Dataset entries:
_ _ _ _ _ _ _
lemma edge_sum_le_diameter:
  fixes dY :: "'y \<Rightarrow> 'y \<Rightarrow> real"
  assumes "\<And>y. dY y y = 0" "\<And>y y'. dY y y' powr p \<le> c"
    and "is_graph y0 m e" "is_graph y0 n f"
  shows "(\<Sum>(i,i')\<in>{1..n}\<times>{1..n}. dY (ext_edge y0 m e i i') (ext_edge y0 n f (\<sigma> i) (\<sigma> i')) powr p)
    \<le> real n * (real n - 1) * c"
proof -
  have "ext_edge y0 m e i i = y0" "ext_edge y0 n f (\<sigma> i) (\<sigma> i) = y0" if "i \<in> {1..n}" for i
    using assms(3,4) that permutes_in_image[OF \<sigma>_permutes, of i]
    by (auto simp: is_graph_def ext_edge_def)
  then show ?thesis
    using sum_square_le_off_diagonal[of "{1..n}"] assms(1,2) by simp
qed

lemma vertex_sum_le:
  fixes dX :: "'x \<Rightarrow> 'x \<Rightarrow> real"
  assumes "\<And>x x'. dX x x' powr p \<le> cx"
  shows "(\<Sum>i\<in>{1..m}. dX (v i) (w (\<sigma> i)) powr p)
    \<le> (\<Sum>i\<in>F. dX (v i) (w (\<pi> i)) powr p) + (real m - real (card F)) * cx"
proof -
  let ?d = "\<lambda>i. dX (v i) (w (\<sigma> i)) powr p"
  have fin: "finite F" using F_W_subset(1) finite_subset by blast
  have "sum ?d {1..m} = sum ?d ({1..m} - F) + sum ?d F"
    using F_W_subset(1) by (intro sum.subset_diff) auto
  also have "sum ?d F = (\<Sum>i\<in>F. dX (v i) (w (\<pi> i)) powr p)"
    using \<sigma>_eq_\<pi>_on_F by simp
  also have "sum ?d ({1..m} - F) \<le> real (card ({1..m} - F)) * cx"
    using assms by (intro sum_bounded_above) auto
  also have "real (card ({1..m} - F)) = real m - real (card F)"
    using card_Diff_subset[OF fin F_W_subset(1)] card_mono[OF _ F_W_subset(1)] by (simp add: of_nat_diff)
  finally show ?thesis by simp
qed

lemma padded_vertex_sum_eq:
  fixes dX :: "'x \<Rightarrow> 'x \<Rightarrow> real" and v w :: "nat \<Rightarrow> 'x"
  assumes "0 < p" "CY powr p \<le> C2 powr p"
  shows "(\<Sum>i\<in>{1..l}. dXext p C2 CY dX (ext_vert m v Star i) (ext_vert n w Star' (\<pi> i)) powr p)
    = (\<Sum>i\<in>F. dX (v i) (w (\<pi> i)) powr p)
      + (real l - real (card F)) * C2 powr p - (real n - real (card F)) * CY powr p"
proof -
  let ?d = "\<lambda>i. dXext p C2 CY dX (ext_vert m v Star i) (ext_vert n w Star' (\<pi> i)) powr p"
  have fin: "finite F" "finite W" using F_W_subset finite_subset by blast+
  have off_F: "?d i = C2 powr p - (if i \<in> W then CY powr p else 0)" if "i \<in> {1..l} - F" for i
  proof -
    have "\<pi> i \<in> {1..l}" using that \<pi>_in by auto
    then show ?thesis
      using that assms
      by (cases "i \<le> m"; cases "\<pi> i \<le> n") (auto simp: ext_vert_def F_def W_def powr_powr)
  qed
  have "sum ?d {1..l} = sum ?d ({1..l} - F) + sum ?d F"
    using F_W_subset by (intro sum.subset_diff) auto
  also have "sum ?d F = (\<Sum>i\<in>F. dX (v i) (w (\<pi> i)) powr p)"
    by (intro sum.cong) (auto simp: ext_vert_def F_def W_def)
  also have "sum ?d ({1..l} - F) = real (card ({1..l} - F)) * C2 powr p - real (card (W - F)) * CY powr p"
  proof -
    have "({1..l} - F) \<inter> W = W - F" using F_W_subset by auto
    then show ?thesis
      using off_F by (simp add: sum_subtractf sum.If_cases)
  qed
  also have "real (card ({1..l} - F)) = real l - real (card F)"
    using card_Diff_subset[OF fin(1)] card_mono[of "{1..l}" F] F_W_subset by (simp add: of_nat_diff)
  also have "real (card (W - F)) = real n - real (card F)"
    using card_Diff_subset[OF fin(1)] card_mono[OF fin(2)] F_W_subset card_W by (simp add: of_nat_diff)
  finally show ?thesis by simp
qed

lemma gospa2_cost_le_D_cost:
  fixes dX :: "'x \<Rightarrow> 'x \<Rightarrow> real" and dY :: "'y \<Rightarrow> 'y \<Rightarrow> real"
  assumes p: "0 < p" and n: "1 \<le> n"
    and pmX: "pseudometric dX" and pmY: "pseudometric dY"
    and diamX: "\<And>x x'. dX x x' \<le> CX" and diamY: "\<And>y y'. dY y y' \<le> CY"
    and C2: "CX powr p + CY powr p \<le> C2 powr p"
    and dY_via_y0: "\<And>y1 y2. dY y1 y2 powr p \<le> dY y1 y0 powr p + dY y0 y2 powr p"
    and ge: "is_graph y0 m e" and gf: "is_graph y0 n f"
  shows "real l * gospa2_cost p C2 dX dY y0 m v e n w f \<sigma>
    \<le> real n * D_cost p (dXext p C2 CY dX) dY l (ext_vert m v Star) (ext_edge y0 m e)
                 (ext_vert n w Star') (ext_edge y0 n f) \<pi>
      + real l * (real n - real m) * CY powr p"
proof -
  define SG where "SG = (\<Sum>(i,i')\<in>{1..n}\<times>{1..n}.
    dY (ext_edge y0 m e i i') (ext_edge y0 n f (\<sigma> i) (\<sigma> i')) powr p)"
  define SD where "SD = (\<Sum>(i,i')\<in>{1..l}\<times>{1..l}.
    dY (ext_edge y0 m e i i') (ext_edge y0 n f (\<pi> i) (\<pi> i')) powr p)"
  define sF where "sF = (\<Sum>i\<in>F. dX (v i) (w (\<pi> i)) powr p)"
  have dY_refl: "\<And>y. dY y y = 0" using pmY by (simp add: pseudometric_def)
  have dX_bound: "\<And>x x'. dX x x' powr p \<le> CX powr p"
    using pseudometric_nonneg[OF pmX] diamX p by (intro powr_mono2) auto
  have dY_bound: "\<And>y y'. dY y y' powr p \<le> CY powr p"
    using pseudometric_nonneg[OF pmY] diamY p by (intro powr_mono2) auto
  have "SG \<le> SD" unfolding SG_def SD_def using edge_sum_le[where dY = dY, OF dY_refl dY_via_y0] .
  moreover have "SG \<le> real n * (real n - 1) * CY powr p"
    unfolding SG_def using edge_sum_le_diameter[OF dY_refl dY_bound ge gf] .
  moreover have "0 \<le> SG" unfolding SG_def by (auto intro: sum_nonneg)
  moreover have "real l * ((real n - real m) * C2 powr p + (\<Sum>i\<in>{1..m}. dX (v i) (w (\<sigma> i)) powr p))
      \<le> real n * (\<Sum>i\<in>{1..l}. dXext p C2 CY dX (ext_vert m v Star i) (ext_vert n w Star' (\<pi> i)) powr p)
        + real l * (real n - real m) * CY powr p - real n * (real l - real n) * CY powr p"
  proof (rule vertex_cost_scaling_le)
    show "sF \<le> real (card F) * CX powr p"
      unfolding sF_def using dX_bound by (intro sum_bounded_above) auto
    show "real (card F) \<le> real m" using card_mono[OF _ F_W_subset(1)] by simp
    have "CY powr p \<le> C2 powr p" using C2 by (smt (verit) powr_ge_zero)
    from padded_vertex_sum_eq[OF p this, of dX v w]
    show "sF + (real l - real (card F)) * C2 powr p - (real n - real (card F)) * CY powr p
      \<le> (\<Sum>i\<in>{1..l}. dXext p C2 CY dX (ext_vert m v Star i) (ext_vert n w Star' (\<pi> i)) powr p)"
      unfolding sF_def by simp
  qed (use vertex_sum_le[where dX = dX, OF dX_bound] C2 m_le_n n_le_l
         in \<open>auto simp: sF_def intro: sum_nonneg\<close>)
  ultimately show ?thesis
    using edge_cost_scaling_le[OF n n_le_l, of SG SD "CY powr p"]
    by (simp add: gospa2_cost_as_padded[OF m_le_n \<sigma>_permutes] D_cost_def SG_def SD_def algebra_simps)
qed

end

theorem lemmaD:
  fixes dX :: "'x \<Rightarrow> 'x \<Rightarrow> real" and dY :: "'y \<Rightarrow> 'y \<Rightarrow> real"
    and y0 :: 'y and p CX CY C2 :: real and m n l :: nat
    and v w :: "nat \<Rightarrow> 'x" and e f :: "nat \<Rightarrow> nat \<Rightarrow> 'y"
  assumes pmX: "pseudometric dX" and pmY: "pseudometric dY"
    and diamX: "\<forall>x x'. dX x x' \<le> CX" and diamY: "\<forall>y y'. dY y y' \<le> CY"
    and p1: "p \<ge> 1"
    and C2nn: "C2 \<ge> 0"
    and C2: "C2 powr p \<ge> CX powr p + CY powr p"
    and ultra: "p = 1 \<or> (p > 1 \<and> (\<forall>y1 y2. dY y1 y2 \<le> max (dY y1 y0) (dY y0 y2)))"
    and mn: "m \<le> n" and nl: "n \<le> l" and n1: "n \<ge> 1"
    and ge: "is_graph y0 m e" and gf: "is_graph y0 n f"
  shows "dGR2 p C2 dX dY y0 m v e n w f
         \<le> (D_dist p (dXext p C2 CY dX) dY l
               (ext_vert m v Star) (ext_edge y0 m e)
               (ext_vert n w Star') (ext_edge y0 n f) powr p
             + CY powr p * (real (n - m) / real n)) powr (1 / p)"
proof -
  let ?D = "D_cost p (dXext p C2 CY dX) dY l (ext_vert m v Star) (ext_edge y0 m e)
              (ext_vert n w Star') (ext_edge y0 n f)"
  have p: "0 < p" using p1 by simp
  obtain \<pi> where \<pi>: "\<pi> permutes {1..l}"
    and D_eq: "D_dist p (dXext p C2 CY dX) dY l (ext_vert m v Star) (ext_edge y0 m e)
                 (ext_vert n w Star') (ext_edge y0 n f) powr p = ?D \<pi> / l"
    using D_dist_powr_attained[OF p] n1 nl by (metis order_trans)
  obtain \<tau> W F where "padded_matching m n l \<pi> \<tau> W F"
    using padded_matching_exists[OF mn nl \<pi>] .
  then interpret padded_matching m n l \<pi> \<tau> W F .
  let ?G = "gospa2_cost p C2 dX dY y0 m v e n w f \<sigma>"
  have "real l * ?G \<le> real n * ?D \<pi> + real l * (real n - real m) * CY powr p"
    by (rule gospa2_cost_le_D_cost[OF p n1 pmX pmY])
      (use diamX diamY C2 ge gf pseudometric_powr_le_via[OF pmY ultra] in auto)
  then have "?G / n \<le> ?D \<pi> / l + CY powr p * (real (n - m) / n)"
    using n1 nl mn by (simp add: field_simps of_nat_diff)
  then have "(?G / n) powr (1 / p) \<le> (?D \<pi> / l + CY powr p * (real (n - m) / n)) powr (1 / p)"
    using gospa2_cost_nonneg[OF n1, of p C2 dX dY y0 m v e w f \<sigma>] p by (intro powr_mono2) auto
  with dGR2_le_cost[OF p n1 \<sigma>_permutes] show ?thesis
    unfolding D_eq by (rule order_trans)
qed

end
_ _ _ _ _ _ _
◆ Required action ◆
Every line of the data that includes the word "define" should be copied.

◆ Solution for this task ◆
  define SG where "SG = (\<Sum>(i,i')\<in>{1..n}\<times>{1..n}.
  define SD where "SD = (\<Sum>(i,i')\<in>{1..l}\<times>{1..l}.
  define sF where "sF = (\<Sum>i\<in>F. dX (v i) (w (\<pi> i)) powr p)"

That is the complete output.